Lets see your Christmas decorations.


----------



## basswidow (Dec 13, 2010)

And the trees:


----------



## Leaky Waders (Dec 16, 2010)

That looks fantastic! I will need to take some shots when I get home. Merry Christmas.


----------



## kenny chaos (Dec 17, 2010)

Mr. Waders-
I like your screen name.  Welcome to the forum.  Would that be a C-Dory in your avatar?


----------



## mrurbplanner (Dec 18, 2010)

Mantle Photos


----------



## mrurbplanner (Dec 18, 2010)

The Tree. On the left is as it was from last Saturday until we left for work on Tuesday Morning. We arrived home Tuesday night to find it on the floor. After standing it in the corner in a bucket of water it has been resurrected in the stand but will need a bit of work tomorrow.


----------



## Don2222 (Dec 19, 2010)

Hello

Here is our Tree & Gas Fireplace and TV Wood Fire DVD with Xmass songs or crackling wood fire sounds
Also the kids stockings are hung with 3M Command Hooks!! Look no damage!!


----------



## basswidow (Dec 21, 2010)

Love the lights around the hearth.  Nice job


----------



## Leaky Waders (Dec 22, 2010)

kenny chaos said:
			
		

> Mr. Waders-
> I like your screen name.  Welcome to the forum.  Would that be a C-Dory in your avatar?



Not a C-Dory, but a custom built Chesapeake style charter boat named the Kelly D.


----------



## KeepWarmInWinter (Jan 8, 2011)

The Holidays are over but is not too late to wish you a Happy New Year. 

I browsed this thread yesterday and decided to take pictures of my living room at this time and share with you.

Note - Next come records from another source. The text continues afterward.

(* Fix $k\in\mathbb{N}$ and positive constants $b_0,b_1,b_2,\lambda_0,\lambda_1$. There exists $C_1>0$ depending only on $b_0,b_1,\lambda_0,\lambda_1$ (and the fixed $k$) such that the following holds. Let $T\geq10$, $\ell<r$, $a^\pm\in\mathbb{R}^k$, $g:[\ell,r]\to\mathbb{R}$ Lipschitz with $g(\ell)=g(r)=0$, and $P\subset(\ell,r)$ finite, with $P'=P\cap[\ell+T^{1/2},r-T^{1/2}]$ non-empty. Suppose that $r-\ell\leq b_0T$, $|P|\leq b_0T$, $|g(x)-g(y)|\leq b_1T|x-y|$ for all $x,y$, $a^\pm_j-a^\pm_{j+1}\geq\lambda_0T^{1/2}$ for $j\in\{1,\dots,k-1\}$, $a^-_k-g(\ell)\geq\lambda_1T$, $a^+_k-g(r)\geq\lambda_1T$, $a^-_1-g(\ell)\leq b_2T^2$, $a^+_1-g(r)\leq b_2T^2$. Then $\mathbb{E}_{\mathrm{free}}[W'_+]\geq C_1^{-1}e^{-C_1T^3}$.
   Context: $\mathbb{P}_{\mathrm{free}}$ (expectation $\mathbb{E}_{\mathrm{free}}$) is the law of $k$ independent Brownian bridges (diffusion parameter one) $\mathcal{L}=(\mathcal{L}_1,\dots,\mathcal{L}_k)$ on $[\ell,r]$ with $\mathcal{L}_j(\ell)=a^-_j$, $\mathcal{L}_j(r)=a^+_j$. $W'_+(\mathcal{L})=1$ if for all $p\in P'$ one has $\mathcal{L}_k(p)>g(p)$ and $\mathcal{L}_j(p)>\mathcal{L}_{j+1}(p)$ for all $j\in\{1,\dots,k-1\}$, and $0$ otherwise. *)

theory Defs
  imports "HOL-Probability.Probability"
begin

definition heat :: "real \<Rightarrow> real \<Rightarrow> real" where
  "heat s y = exp (- (y\<^sup>2) / (2 * s)) / sqrt (2 * pi * s)"

text \<open>Finite-dimensional density of a Brownian bridge (diffusion parameter one)
  on [l,r] from a at time l to b at time r: joint Lebesgue density of the values
  xs at the strictly increasing interior times ts.\<close>
definition bridge_fdd_density ::
  "real \<Rightarrow> real \<Rightarrow> real \<Rightarrow> real \<Rightarrow> real list \<Rightarrow> real list \<Rightarrow> real" where
  "bridge_fdd_density l r a b ts xs =
     (let tt = l # ts @ [r]; xx = a # xs @ [b] in
       (\<Prod>i<length ts + 1. heat (tt ! (i+1) - tt ! i) (xx ! (i+1) - xx ! i))
       / heat (r - l) (b - a))"

text \<open>The event W'_+ evaluated on the values x (j,p) = L_j(p), j in {1..k}, p in P'.\<close>
definition W_plus' ::
  "nat \<Rightarrow> (real \<Rightarrow> real) \<Rightarrow> real set \<Rightarrow> (nat \<times> real \<Rightarrow> real) \<Rightarrow> bool" where
  "W_plus' k g P' x \<longleftrightarrow>
     (\<forall>p\<in>P'. x (k, p) > g p \<and> (\<forall>j\<in>{1..<k}. x (j, p) > x (j+1, p)))"

text \<open>E_free[W'_+]: expectation of W'_+ under k independent Brownian bridges
  L_j on [l,r] with L_j(l) = am j, L_j(r) = ap j.  Since W'_+ only depends on the
  values at the finitely many points of P', the expectation is the integral of the
  indicator against the joint finite-dimensional density of these values.\<close>
definition E_free_W ::
  "nat \<Rightarrow> real \<Rightarrow> real \<Rightarrow> (nat \<Rightarrow> real) \<Rightarrow> (nat \<Rightarrow> real) \<Rightarrow> (real \<Rightarrow> real) \<Rightarrow> real set \<Rightarrow> ennreal"
  where
  "E_free_W k l r am ap g P' =
     (let ts = sorted_list_of_set P' in
       \<integral>\<^sup>+ x. ennreal ((\<Prod>j\<in>{1..k}. bridge_fdd_density l r (am j) (ap j) ts
                          (map (\<lambda>p. x (j, p)) ts))
                   * (if W_plus' k g P' x then 1 else 0))
         \<partial>(PiM ({1..k} \<times> P') (\<lambda>_. lborel)))"
(* Let $\mathcal C:m\to l$ and $\mathcal D:l\to n$ be roPGs and $i\in[m]$. Then $[\![\pi^{\mathcal C;\mathcal D}_i]\!]$ equals: $[\![\pi^{\mathcal C}_i]\!]$ if $[\![\pi^{\mathcal C}_i]\!]\in\{\exists^*,\forall^*\}$; $[\![\pi^{\mathcal D}_j]\!]$ if $[\![\pi^{\mathcal C}_i]\!]=j\in[l]$; $[\![\pi^{\mathcal D}_j]\!]$ if $[\![\pi^{\mathcal C}_i]\!]=(r,j)\in\mathbb R\times[l]$ and $[\![\pi^{\mathcal D}_j]\!]\in\{\exists^*,\forall^*\}$; $(r,k)$ if $[\![\pi^{\mathcal C}_i]\!]=(r,j)\in\mathbb R\times[l]$ and $[\![\pi^{\mathcal D}_j]\!]=k\in[n]$; $(r+r',k)$ if $[\![\pi^{\mathcal C}_i]\!]=(r,j)\in\mathbb R\times[l]$ and $[\![\pi^{\mathcal D}_j]\!]=(r',k)\in\mathbb R\times[n]$.
   Context: Notation: $[k]=\{1,\dots,k\}$; $X+Y$ disjoint union. An roMPG $\mathcal A:m\to n$ is a tuple $(m,n,Q,E,\rho,w)$ with $Q$ a finite set of positions, entrances $[m]$ and exits $[n]$ (pairwise disjoint with $Q$), edges $E\subseteq([m]+Q)\times([n]+Q)$ such that each entrance has exactly one successor and each exit at most one predecessor, roles $\rho:Q\to\{\exists,\forall\}$, weights $w:Q\to\mathbb R$. An roPG is an roMPG in which every element of $[m]+Q$ has at most one successor. For $\mathcal C:m\to l$, $\mathcal D:l\to n$, the sequential composition $\mathcal C;\mathcal D:m\to n$ has positions $Q^{\mathcal C}+Q^{\mathcal D}$ with inherited roles and weights, and edges: the edges of $\mathcal C$ from $[m]+Q^{\mathcal C}$ to $Q^{\mathcal C}$; the edges of $\mathcal D$ from $Q^{\mathcal D}$ to $[n]+Q^{\mathcal D}$; and $(s,s')$ with $s\in[m]+Q^{\mathcal C}$, $s'\in[n]+Q^{\mathcal D}$ whenever some $i\in[l]$ has $(s,i)\in E^{\mathcal C}$ ($i$ as exit of $\mathcal C$) and $(i,s')\in E^{\mathcal D}$ ($i$ as entrance of $\mathcal D$); no other edges. It is again an roPG. For an roPG $\mathcal C:m\to n$ and entrance $i$, $\pi^{\mathcal C}_i=(s_j)_{j\in J}$ ($J=\{0,\dots,M\}$ or $J=\mathbb N$) is the unique sequence with $s_0=i$, $(s_j,s_{j+1})\in E$ whenever $j,j+1\in J$, and $s_M$ without successor if $J$ is finite. An infinite play satisfies the MP condition if $\liminf_{N\to\infty}\frac1N\sum_{j=1}^Nw(s_j)\ge0$. With $T(X)=X+\mathbb R\times X+\{\exists^*,\forall^*\}$, the denotation $[\![\pi]\!]\in T([n])$ of a play $\pi=(s_j)_{j\in J}$ is: $s_1$ if $J=\{0,1\}$ and $s_1$ is an exit; $(\sum_{j=1}^{M-1}w(s_j),s_M)$ if $J=\{0,..,M\}$, $M\ge2$, $s_M$ an exit; $\exists^*$ if $J$ is finite and $s_M$ is a position of role $\forall$, or $J$ is infinite and $\pi$ satisfies MP; $\forall^*$ if $J$ is finite and $s_M$ is a position of role $\exists$, or $J$ is infinite and $\pi$ fails MP. *)

theory Defs
  imports Complex_Main "HOL-Library.Extended_Real" "HOL-Library.Liminf_Limsup"
begin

This was our first Christmas that our house was not heated by electric baseboard but by our kind, warm Cladesdale. 
We are enjoying the Cladesdale's heat very much. Replacing the open fireplace with the insert was one part of our living room remodeling project. 
The hutches on both side of the insert were not completed on time. 
They need to be trimmed and stained, so my books are still in boxes. 
Next week a blue tarp will go back on the floor. Until then I am enjoying a neat look of this room.


----------



## basswidow (Jan 10, 2011)

Love the stone and gleeming hardwoods.

Is that a lake outside the window?


----------



## KeepWarmInWinter (Jan 10, 2011)

Yes, this is the Candlewood Lake.


----------



## basswidow (Jan 10, 2011)

You are blessed!  Candlewood is an awesome fishery.  I hope you get out on it frequently!


----------



## KeepWarmInWinter (Jan 24, 2011)

basswidow said:
			
		

> You are blessed!  Candlewood is an awesome fishery.  I hope you get out on it frequently!

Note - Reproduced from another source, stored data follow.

theorem lemma3p3:
  fixes m :: nat and Xs :: "nat pmf" and p :: real and n :: nat
  assumes "m \<ge> 2"
    and "0 \<notin> set_pmf Xs"
    and "measure_pmf.prob Xs {2..} > 0"
    and "integrable (measure_pmf Xs) (\<lambda>k. real k * real m ^ k)"
    and "p > p_crit m Xs" and "p \<le> 1"
  shows "(\<forall>s\<in>{0..<real m}.
            0 \<le> Theta m (lawX m p Xs n) s
          \<and> Theta m (lawX m p Xs n) s \<le> 1 + delta m (lawX m p Xs n))
       \<and> (delta m (lawX m p Xs n) \<le> 1 \<longrightarrow>
          (\<forall>s\<in>{real m / 2..<real m}.
            Theta m (lawX m p Xs (Suc n)) s \<ge>
              real m / s * Theta m (lawX m p Xs n) s * Hgf (lawX m p Xs n) s ^ (m - 1)
              - (3 ^ (m - 2) + 1) * (real m - s) / s
                * (delta m (lawX m p Xs n) - phi m (lawX m p Xs n) s)\<^sup>2
                * Hgf (lawX m p Xs n) s ^ (m - 2)))"
proof -
  interpret Xs: finite_moment m Xs
    using assms(1,4) by unfold_locales auto
  obtain moment: "finite_moment m (lawX m p Xs n)" and delta: "0 \<le> delta m (lawX m p Xs n)"
    using Xs.lawX_finite_moment_delta_nonneg assms by blast
  have "lawX m p Xs (Suc n) = step m (lawX m p Xs n)" by (simp add: lawX_def)
  then show ?thesis
    using finite_moment.Theta_bounds[OF moment assms(1)]
      finite_moment.Theta_step_lower_bound[OF moment assms(1) delta, of _ "3 ^ (m - 2) + 1"]
    by (auto simp: divide_pos_pos)
qed

end
theorem lemma1:
  fixes M t :: nat and mu :: real
  assumes "M > 1" and "mu \<noteq> 0"
  defines "E \<equiv> {\<omega> \<in> space (focus_space mu).
      Tstat (snd \<omega>) (arms (fst \<omega>) (snd \<omega>) M t) 1 < mu^2 * real t powr (2/3) / 8 \<and>
      real (Ncount (arms (fst \<omega>) (snd \<omega>) M t) 1) > real t powr (2/3) / 2}"
  shows "E \<in> sets (focus_space mu) \<and>
    (t \<ge> 1 \<longrightarrow> measure (focus_space mu) E
        \<le> exp (- (real t powr (2/3)) / 4 * (mu - mu / sqrt 2)^2)) \<and>
    (t = 0 \<longrightarrow> measure (focus_space mu) E = 0)"
proof (intro conjI impI)
  show "E \<in> sets (focus_space mu)"
    unfolding E_def by measurable
  show "measure (focus_space mu) E \<le> exp (- (real t powr (2/3)) / 4 * (mu - mu / sqrt 2)^2)"
    unfolding E_def by (rule measure_low_Tstat_first_stream)
  assume "t = 0"
  then have "E = {}"
    unfolding E_def by (simp add: Ncount_def)
  then show "measure (focus_space mu) E = 0"
    by simp
qed

end
(* Let $r\geqslant 3$ be an odd integer and let $\Gamma\cong\mathbb{Z}_{2r}\oplus\mathbb{Z}_2\oplus\mathbb{Z}_2\oplus\mathbb{Z}_2$. Then there exists an $\mathrm{MRS}_\Gamma(r,8;2)$ in which every row sum and every column sum equals $0_\Gamma$.
   Context: For an abelian group $\Gamma$ of order $abc$, an $\mathrm{MRS}_\Gamma(a,b;c)$ is a collection of $c$ arrays of size $a\times b$ whose entries are the elements of $\Gamma$, each appearing exactly once and in a unique array, such that there are $\omega,\delta\in\Gamma$ with every row sum (in every array) equal to $\omega$ and every column sum (in every array) equal to $\delta$. *)

theory Defs
  imports "HOL-Algebra.Algebra"
begin

text \<open>A collection of c arrays of size a x b, given as A k i j (array k < c, row i < a,
  column j < b), with entries in the (abelian) group G written multiplicatively in
  HOL-Algebra (so the group operation is the paper's +, and one is 0).\<close>
definition MRS_with ::
  "('g, 'm) monoid_scheme \<Rightarrow> nat \<Rightarrow> nat \<Rightarrow> nat \<Rightarrow> (nat \<Rightarrow> nat \<Rightarrow> nat \<Rightarrow> 'g) \<Rightarrow> 'g \<Rightarrow> 'g \<Rightarrow> bool"
where
  "MRS_with G a b c A \<omega> \<delta> \<longleftrightarrow>
     bij_betw (\<lambda>(k, i, j). A k i j) ({..<c} \<times> {..<a} \<times> {..<b}) (carrier G) \<and>
     (\<forall>k<c. \<forall>i<a. finprod G (\<lambda>j. A k i j) {..<b} = \<omega>) \<and>
     (\<forall>k<c. \<forall>j<b. finprod G (\<lambda>i. A k i j) {..<a} = \<delta>)"

definition is_MRS ::
  "('g, 'm) monoid_scheme \<Rightarrow> nat \<Rightarrow> nat \<Rightarrow> nat \<Rightarrow> (nat \<Rightarrow> nat \<Rightarrow> nat \<Rightarrow> 'g) \<Rightarrow> bool"
where
  "is_MRS G a b c A \<longleftrightarrow> (\<exists>\<omega>\<in>carrier G. \<exists>\<delta>\<in>carrier G. MRS_with G a b c A \<omega> \<delta>)"

end

theory Submission
  imports Defs "HOL-Library.Product_Plus" "HOL-Library.Nat_Bijection"
begin

text \<open>Since r is odd, \<open>\<Gamma> \<cong> \<int>\<^sub>r \<times> \<int>\<^sub>2\<^sup>4\<close>; write its elements as pairs
  (a, v) with a an integer of absolute value below r/2 and v < 16 a vector of four bits.
  Rows 0--2 of the two arrays are a fixed table using a \<in> {-1, 0, 1} and every v, whose
  row and column sums vanish already in \<open>\<int> \<times> \<int>\<^sub>2\<^sup>4\<close>. The remaining rows come in
  pairs 2m+1, 2m+2 carrying a = \<open>\<mp>\<close>(m+1), with the sign flipped again in columns 4--7,
  and v = 8k + j in column j of array k: each pair cancels in every column, the a-parts
  cancel along every row, and the v-parts of a row are 8k, ..., 8k+7, whose bits sum to
  zero. These cells meet every (a, v) exactly once.\<close>

lemma (in comm_monoid) finprod_additive:
  fixes \<phi> :: "'c::comm_monoid_add \<Rightarrow> 'a"
  assumes closed: "\<And>x. \<phi> x \<in> carrier G" and zero: "\<phi> 0 = \<one>"
    and add: "\<And>x y. \<phi> (x + y) = \<phi> x \<otimes> \<phi> y" and "finite I"
  shows "(\<Otimes>i\<in>I. \<phi> (f i)) = \<phi> (\<Sum>i\<in>I. f i)"
  using \<open>finite I\<close>
  by (induction I rule: finite_induct) (simp_all add: closed zero add Pi_def)

lemma bij_betw_if_inj_on_card_eq:
  assumes "inj_on f A" "f ` A \<subseteq> B" "finite B" "card A = card B"
  shows "bij_betw f A B"
  using assms card_image card_subset_eq unfolding bij_betw_def by metis

lemma eq_if_low_bits_eq:
  fixes v w :: nat
  assumes "v < 2 ^ m" "w < 2 ^ m" "\<And>n. n < m \<Longrightarrow> bit v n \<longleftrightarrow> bit w n"
  shows "v = w"
proof -
  have "take_bit m v = take_bit m w"
    using assms(3) by (auto simp: bit_eq_iff bit_take_bit_iff)
  then show ?thesis
    using assms(1,2) by (simp add: take_bit_nat_eq_self)
qed

lemma mult_add_eq_mult_add_iff:
  fixes m x y a b :: nat
  assumes "a < m" "b < m"
  shows "m * x + a = m * y + b \<longleftrightarrow> x = y \<and> a = b"
proof
  assume eq: "m * x + a = m * y + b"
  have "x = (m * x + a) div m" "a = (m * x + a) mod m"
    "y = (m * y + b) div m" "b = (m * y + b) mod m"
    using assms by simp_all
  with eq show "x = y \<and> a = b" by metis
qed simp

lemma int_decode_eq: "int_decode n = (if even n then int (n div 2) else - int (n div 2) - 1)"
  by (simp add: int_decode_def sum_decode_def)

lemma sum_int_decode_odd_prefix: "(\<Sum>i<2 * n + 1. int_decode i) = 0"
  by (induction n) (simp_all add: int_decode_eq)

lemma abs_int_decode_le: "2 * \<bar>int_decode n\<bar> \<le> int n + 1"
  by (simp add: int_decode_eq) presburger

lemma abs_int_decode_ge: "3 \<le> n \<Longrightarrow> 2 \<le> \<bar>int_decode n\<bar>"
  by (simp add: int_decode_eq) presburger

abbreviation \<Gamma> :: "nat \<Rightarrow> (int \<times> int \<times> int \<times> int) monoid" where
  "\<Gamma> r \<equiv> integer_mod_group (2 * r) \<times>\<times> integer_mod_group 2 \<times>\<times>
           integer_mod_group 2 \<times>\<times> integer_mod_group 2"

lemma card_carrier_\<Gamma>: "r > 0 \<Longrightarrow> card (carrier (\<Gamma> r)) = 16 * r"
  by (simp add: carrier_integer_mod_group card_cartesian_product)

text \<open>The isomorphism \<open>\<int>\<^sub>r \<times> \<int>\<^sub>2 \<cong> \<int>\<^sub>2\<^sub>r\<close> for odd r sends (a, c) to 2a + rc;
  \<open>reduce r\<close> composes it with reduction of integer coordinates.\<close>

definition reduce ::
  "nat \<Rightarrow> int \<times> int \<times> int \<times> int \<times> int \<Rightarrow> int \<times> int \<times> int \<times> int"
where
  "reduce r = (\<lambda>(a, c\<^sub>0, c\<^sub>1, c\<^sub>2, c\<^sub>3).
     ((2 * a + int r * c\<^sub>0) mod (2 * int r), c\<^sub>1 mod 2, c\<^sub>2 mod 2, c\<^sub>3 mod 2))"

lemma reduce_closed: "r > 0 \<Longrightarrow> reduce r x \<in> carrier (\<Gamma> r)"
  by (auto simp: reduce_def carrier_integer_mod_group split: prod.split)

lemma reduce_add: "reduce r (x + y) = reduce r x \<otimes>\<^bsub>\<Gamma> r\<^esub> reduce r y"
  by (auto simp: reduce_def algebra_simps mod_add_eq split: prod.split)

definition vanishing :: "int \<times> int \<times> int \<times> int \<times> int \<Rightarrow> bool" where
  "vanishing =
     (\<lambda>(a, c\<^sub>0, c\<^sub>1, c\<^sub>2, c\<^sub>3). a = 0 \<and> even c\<^sub>0 \<and> even c\<^sub>1 \<and> even c\<^sub>2 \<and> even c\<^sub>3)"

Yes, but not for fishing. Swimming, boating, sailing, kayaking in the summer and walking, cross-country skiing, ice skating in the winter are our activities on the lake. 
We are thinking to try fishing too. 
Here are a few shots of ice fishing on Candlewood and Squantz Pond lakes that I took today.


----------



## basswidow (Jan 24, 2011)

Looks like fun!  I've not tried the ice fishing yet.  I am concerned that it would compete with gathering wood and I would have to spend money on gear!  Which I don't have right now.

So where are the fish pictures?  I like the sled box seat and fire barrel.


----------



## KeepWarmInWinter (Jan 24, 2011)

Sorry, no fish pictures. Most fishermen have already left.  The guys in the pictures did  not have too much luck on this very cold day. 
One of them said: "I am only catching pneumonia".


----------